WORK TO BE COMPLETED — Of the entries below, restate word for word only the section that runs from the line with "with Y = I this" to the line with "1 \<and> \<Phi>1 \<noteq> \<Phi>2 \<and>", counting both ends.
----------
(* Let $k\geq 3$ be an integer, $\sigma=\begin{pmatrix}\frac13&0\\0&\frac23\end{pmatrix}$, and $D_1=\sigma\otimes\frac{I_3}{3}\otimes\frac{I_k}{k}\in M_{6k}$. There exists an extreme point of the convex set $\mathcal{CP}(M_{6k},M_{6k};D_1,D_1)$ with Choi rank $8k$.
   Context: $M_n$ denotes the complex $n\times n$ matrices. For positive semidefinite $A\in M_{d_1}$, $B\in M_{d_2}$, $\mathcal{CP}(M_{d_1},M_{d_2};A,B)$ is the convex set of completely positive maps $\Phi:M_{d_1}\to M_{d_2}$ with $\Phi(I_{d_1})=B$ and $\Phi^*(I_{d_2})=A$ ($\Phi^*$ the Hilbert–Schmidt adjoint); equivalently $\Phi(X)=\sum_iK_iXK_i^\dagger$ with $\sum_iK_i^\dagger K_i=A$, $\sum_iK_iK_i^\dagger=B$. An extreme point of a convex set $\mathcal{K}$ is an element not expressible as $t\Phi_1+(1-t)\Phi_2$ with $t\in(0,1)$ and distinct $\Phi_1,\Phi_2\in\mathcal{K}$. The Choi rank of $\Phi$ is the rank of $\sum_{r,s}E_{rs}\otimes\Phi(E_{rs})$. *)

theory Defs
  imports "Jordan_Normal_Form.DL_Rank" "Jordan_Normal_Form.Schur_Decomposition"
begin

(* A map Phi : M_d1 -> M_d2 is a function complex mat => complex mat; to make it
   determined by its action on M_d1 we require it to vanish (be the zero d2 x d2 matrix)
   outside carrier_mat d1 d1 (canonical extension). *)

definition kron :: "complex mat \<Rightarrow> complex mat \<Rightarrow> complex mat" where
  "kron A B = mat (dim_row A * dim_row B) (dim_col A * dim_col B)
     (\<lambda>(i,j). A $$ (i div dim_row B, j div dim_col B) * B $$ (i mod dim_row B, j mod dim_col B))"

definition unit_mat :: "nat \<Rightarrow> nat \<Rightarrow> nat \<Rightarrow> complex mat" where
  "unit_mat n r s = mat n n (\<lambda>(i,j). if i = r \<and> j = s then 1 else 0)"

definition msum :: "nat \<Rightarrow> nat \<Rightarrow> ('a \<Rightarrow> complex mat) \<Rightarrow> 'a list \<Rightarrow> complex mat" where
  "msum m n f xs = foldr (\<lambda>x acc. f x + acc) xs (0\<^sub>m m n)"

definition mtrace :: "complex mat \<Rightarrow> complex" where
  "mtrace A = (\<Sum>i<dim_row A. A $$ (i, i))"

definition completely_positive :: "nat \<Rightarrow> nat \<Rightarrow> (complex mat \<Rightarrow> complex mat) \<Rightarrow> bool" where
  "completely_positive d1 d2 \<Phi> \<longleftrightarrow>
     (\<exists>Ks. (\<forall>K \<in> set Ks. K \<in> carrier_mat d2 d1) \<and>
           (\<forall>X \<in> carrier_mat d1 d1. \<Phi> X = msum d2 d2 (\<lambda>K. K * X * mat_adjoint K) Ks))"

(* CP(M_d1, M_d2; A, B): Phi(I) = B and Phi^*(I) = A, where Phi^* is the
   Hilbert-Schmidt adjoint: <Phi^*(Y), X> = <Y, Phi(X)>, <P,Q> = tr(P^dagger Q);
   with Y = I this reads tr(A^dagger X) = tr(Phi(X)) for all X in M_d1. *)
definition CP_set :: "nat \<Rightarrow> nat \<Rightarrow> complex mat \<Rightarrow> complex mat \<Rightarrow> (complex mat \<Rightarrow> complex mat) set" where
  "CP_set d1 d2 A B = {\<Phi>. completely_positive d1 d2 \<Phi> \<and>
      (\<forall>X. X \<notin> carrier_mat d1 d1 \<longrightarrow> \<Phi> X = 0\<^sub>m d2 d2) \<and>
      \<Phi> (1\<^sub>m d1) = B \<and>
      (\<forall>X \<in> carrier_mat d1 d1. mtrace (mat_adjoint A * X) = mtrace (\<Phi> X))}"

definition extreme_point_of :: "(complex mat \<Rightarrow> complex mat) \<Rightarrow> (complex mat \<Rightarrow> complex mat) set \<Rightarrow> bool" where
  "extreme_point_of \<Phi> K \<longleftrightarrow> \<Phi> \<in> K \<and>
     \<not> (\<exists>t::real. \<exists>\<Phi>1 \<in> K. \<exists>\<Phi>2 \<in> K. 0 < t \<and> t < 1 \<and> \<Phi>1 \<noteq> \<Phi>2 \<and>
           \<Phi> = (\<lambda>X. complex_of_real t \<cdot>\<^sub>m \<Phi>1 X + complex_of_real (1 - t) \<cdot>\<^sub>m \<Phi>2 X))"

definition choi_matrix :: "nat \<Rightarrow> nat \<Rightarrow> (complex mat \<Rightarrow> complex mat) \<Rightarrow> complex mat" where
  "choi_matrix d1 d2 \<Phi> = msum (d1 * d2) (d1 * d2)
     (\<lambda>(r,s). kron (unit_mat d1 r s) (\<Phi> (unit_mat d1 r s))) (List.product [0..<d1] [0..<d1])"

definition choi_rank :: "nat \<Rightarrow> nat \<Rightarrow> (complex mat \<Rightarrow> complex mat) \<Rightarrow> nat" where
  "choi_rank d1 d2 \<Phi> = vec_space.rank (d1 * d2) (choi_matrix d1 d2 \<Phi>)"

definition sigma_mat :: "complex mat" where
  "sigma_mat = mat 2 2 (\<lambda>(i,j). if i = 0 \<and> j = 0 then 1/3 else if i = 1 \<and> j = 1 then 2/3 else 0)"

definition D1_mat :: "nat \<Rightarrow> complex mat" where
  "D1_mat k = kron (kron sigma_mat ((1/3) \<cdot>\<^sub>m 1\<^sub>m 3)) ((1 / of_nat k) \<cdot>\<^sub>m 1\<^sub>m k)"

end

theory Submission
  imports Defs "Jordan_Normal_Form.DL_Rank_Submatrix"
begin

(* The extreme point is the Kraus map whose 8k Kraus operators are the tensor products
   B_p (x) C_c (x) L_t of three small families: 2 operators on C^2, 4 on C^3 and k on C^k,
   scaled so that sum K K^H = sum K^H K = D1.

   Extremality is Choi's criterion adapted to CP(A, B). If Phi = t Phi1 + (1 - t) Phi2, the Choi
   matrix of Phi1 is dominated by that of Phi, so the Kraus operators of Phi1 lie in the span of
   the pairwise orthogonal K_i and Phi1 = sum G_ij K_i . K_j^H. The constraints Phi1(I) = B and
   Phi1^*(I) = A say that G - I annihilates the pairs (K_i K_j^H, K_j^H K_i); these pairs are
   linearly independent, so G = I and Phi1 = Phi. Independence of the pairs passes to a tensor
   product when one factor has it and the other factor has both the K_i K_j^H and the K_j^H K_i
   linearly independent; for the three small families it is checked by hand.

   The K_i have pairwise disjoint supports, so the Choi matrix is a sum of 8k outer products of
   nonzero vectors with disjoint supports and has rank exactly 8k. *)

subsection \<open>Adjoints and Kronecker products\<close>

lemma bij_betw_pair_index: "bij_betw (\<lambda>(a, b). a * m + b) ({..<n} \<times> {..<m}) {..<n * m :: nat}"
proof (rule bij_betw_byWitness[where f' = "\<lambda>i. (i div m, i mod m)"])
  show "(\<lambda>(a, b). a * m + b) ` ({..<n} \<times> {..<m}) \<subseteq> {..<n * m}"
  proof clarsimp
    fix a b assume "a < n" "b < m"
    then have "a * m + b < (a + 1) * m" by simp
    also have "\<dots> \<le> n * m" using \<open>a < n\<close> by (intro mult_le_mono1) simp
    finally show "a * m + b < n * m" .
  qed
  show "(\<lambda>i. (i div m, i mod m)) ` {..<n * m} \<subseteq> {..<n} \<times> {..<m}"
  proof clarsimp
    fix i assume "i < n * m"
    moreover from this have "0 < m" by (cases m) auto
    ultimately show "i div m < n \<and> i mod m < m" by (simp add: less_mult_imp_div_less)
  qed
qed auto

lemma sum_lessThan_mult: "(\<Sum>i<n * (m :: nat). g i) = (\<Sum>a<n. \<Sum>b<m. g (a * m + b))"
proof -
  have "(\<Sum>i<n * m. g i) = (\<Sum>(a, b)\<in>{..<n} \<times> {..<m}. g (a * m + b))"
    using sum.reindex_bij_betw[OF bij_betw_pair_index, where g = g] by (simp add: split_def)
  then show ?thesis by (simp add: sum.cartesian_product)
qed

lemma pair_index_less: "a < n \<Longrightarrow> b < m \<Longrightarrow> a * m + b < n * (m :: nat)"
  using bij_betw_apply[OF bij_betw_pair_index, of "(a, b)"] by auto

lemma lessThan_mult_cases:
  assumes "i < n * (m :: nat)"
  obtains a b where "a < n" "b < m" "i = a * m + b"
proof
  have "0 < m" using assms by (cases m) auto
  then show "i div m < n" "i mod m < m" using assms by (auto simp: less_mult_imp_div_less)
qed simp

lemma dim_mat_adjoint [simp]:
  "dim_row (mat_adjoint A) = dim_col A" "dim_col (mat_adjoint A) = dim_row A"
  unfolding mat_adjoint_def by auto

lemma index_mat_adjoint [simp]:
  "i < dim_col A \<Longrightarrow> j < dim_row A \<Longrightarrow> mat_adjoint (A :: complex mat) $$ (i, j) = cnj (A $$ (j, i))"
  unfolding mat_adjoint_def by (auto simp: mat_of_rows_def conjugate_complex_def)

lemma mat_adjoint_carrier [simp]: "A \<in> carrier_mat n m \<Longrightarrow> mat_adjoint A \<in> carrier_mat m n"
  by (metis dim_mat_adjoint carrier_matD carrier_matI)

lemma index_mult_mat_sum:
  assumes "A \<in> carrier_mat n k" "B \<in> carrier_mat k m" "i < n" "j < m"
  shows "(A * B) $$ (i, j) = (\<Sum>l<k. A $$ (i, l) * B $$ (l, j))"
  using assms by (simp add: scalar_prod_def atLeast0LessThan)

lemma index_mult_mat_adjoint:
  assumes "A \<in> carrier_mat n k" "B \<in> carrier_mat m k" "i < n" "j < m"
  shows "(A * mat_adjoint B) $$ (i, j) = (\<Sum>l<k. A $$ (i, l) * cnj (B $$ (j, l)))"
  using assms by (simp add: scalar_prod_def atLeast0LessThan)

lemma index_mat_adjoint_mult:
  assumes "A \<in> carrier_mat k n" "B \<in> carrier_mat k m" "i < m" "j < n"
  shows "(mat_adjoint B * A) $$ (i, j) = (\<Sum>l<k. cnj (B $$ (l, i)) * A $$ (l, j))"
  using assms by (simp add: scalar_prod_def atLeast0LessThan)

lemma index_sandwich:
  assumes "A \<in> carrier_mat n k" "X \<in> carrier_mat k l" "B \<in> carrier_mat m l" "i < n" "j < m"
  shows "(A * X * mat_adjoint B) $$ (i, j) = (\<Sum>a<k. \<Sum>b<l. A $$ (i, a) * X $$ (a, b) * cnj (B $$ (j, b)))"
proof -
  have "(A * X * mat_adjoint B) $$ (i, j) = (\<Sum>b<l. (A * X) $$ (i, b) * cnj (B $$ (j, b)))"
    using assms by (intro index_mult_mat_adjoint) auto
  also have "\<dots> = (\<Sum>b<l. \<Sum>a<k. A $$ (i, a) * X $$ (a, b) * cnj (B $$ (j, b)))"
    using assms by (simp add: scalar_prod_def atLeast0LessThan sum_distrib_right)
  finally show ?thesis by (simp only: sum.swap[of _ "{..<l}" "{..<k}"])
qed

lemma dim_kron [simp]:
  "dim_row (kron A B) = dim_row A * dim_row B" "dim_col (kron A B) = dim_col A * dim_col B"
  unfolding kron_def by simp_all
----------
RESPONSE BELOW —
   with Y = I this reads tr(A^dagger X) = tr(Phi(X)) for all X in M_d1. *)
definition CP_set :: "nat \<Rightarrow> nat \<Rightarrow> complex mat \<Rightarrow> complex mat \<Rightarrow> (complex mat \<Rightarrow> complex mat) set" where
  "CP_set d1 d2 A B = {\<Phi>. completely_positive d1 d2 \<Phi> \<and>
      (\<forall>X. X \<notin> carrier_mat d1 d1 \<longrightarrow> \<Phi> X = 0\<^sub>m d2 d2) \<and>
      \<Phi> (1\<^sub>m d1) = B \<and>
      (\<forall>X \<in> carrier_mat d1 d1. mtrace (mat_adjoint A * X) = mtrace (\<Phi> X))}"

definition extreme_point_of :: "(complex mat \<Rightarrow> complex mat) \<Rightarrow> (complex mat \<Rightarrow> complex mat) set \<Rightarrow> bool" where
  "extreme_point_of \<Phi> K \<longleftrightarrow> \<Phi> \<in> K \<and>
     \<not> (\<exists>t::real. \<exists>\<Phi>1 \<in> K. \<exists>\<Phi>2 \<in> K. 0 < t \<and> t < 1 \<and> \<Phi>1 \<noteq> \<Phi>2 \<and>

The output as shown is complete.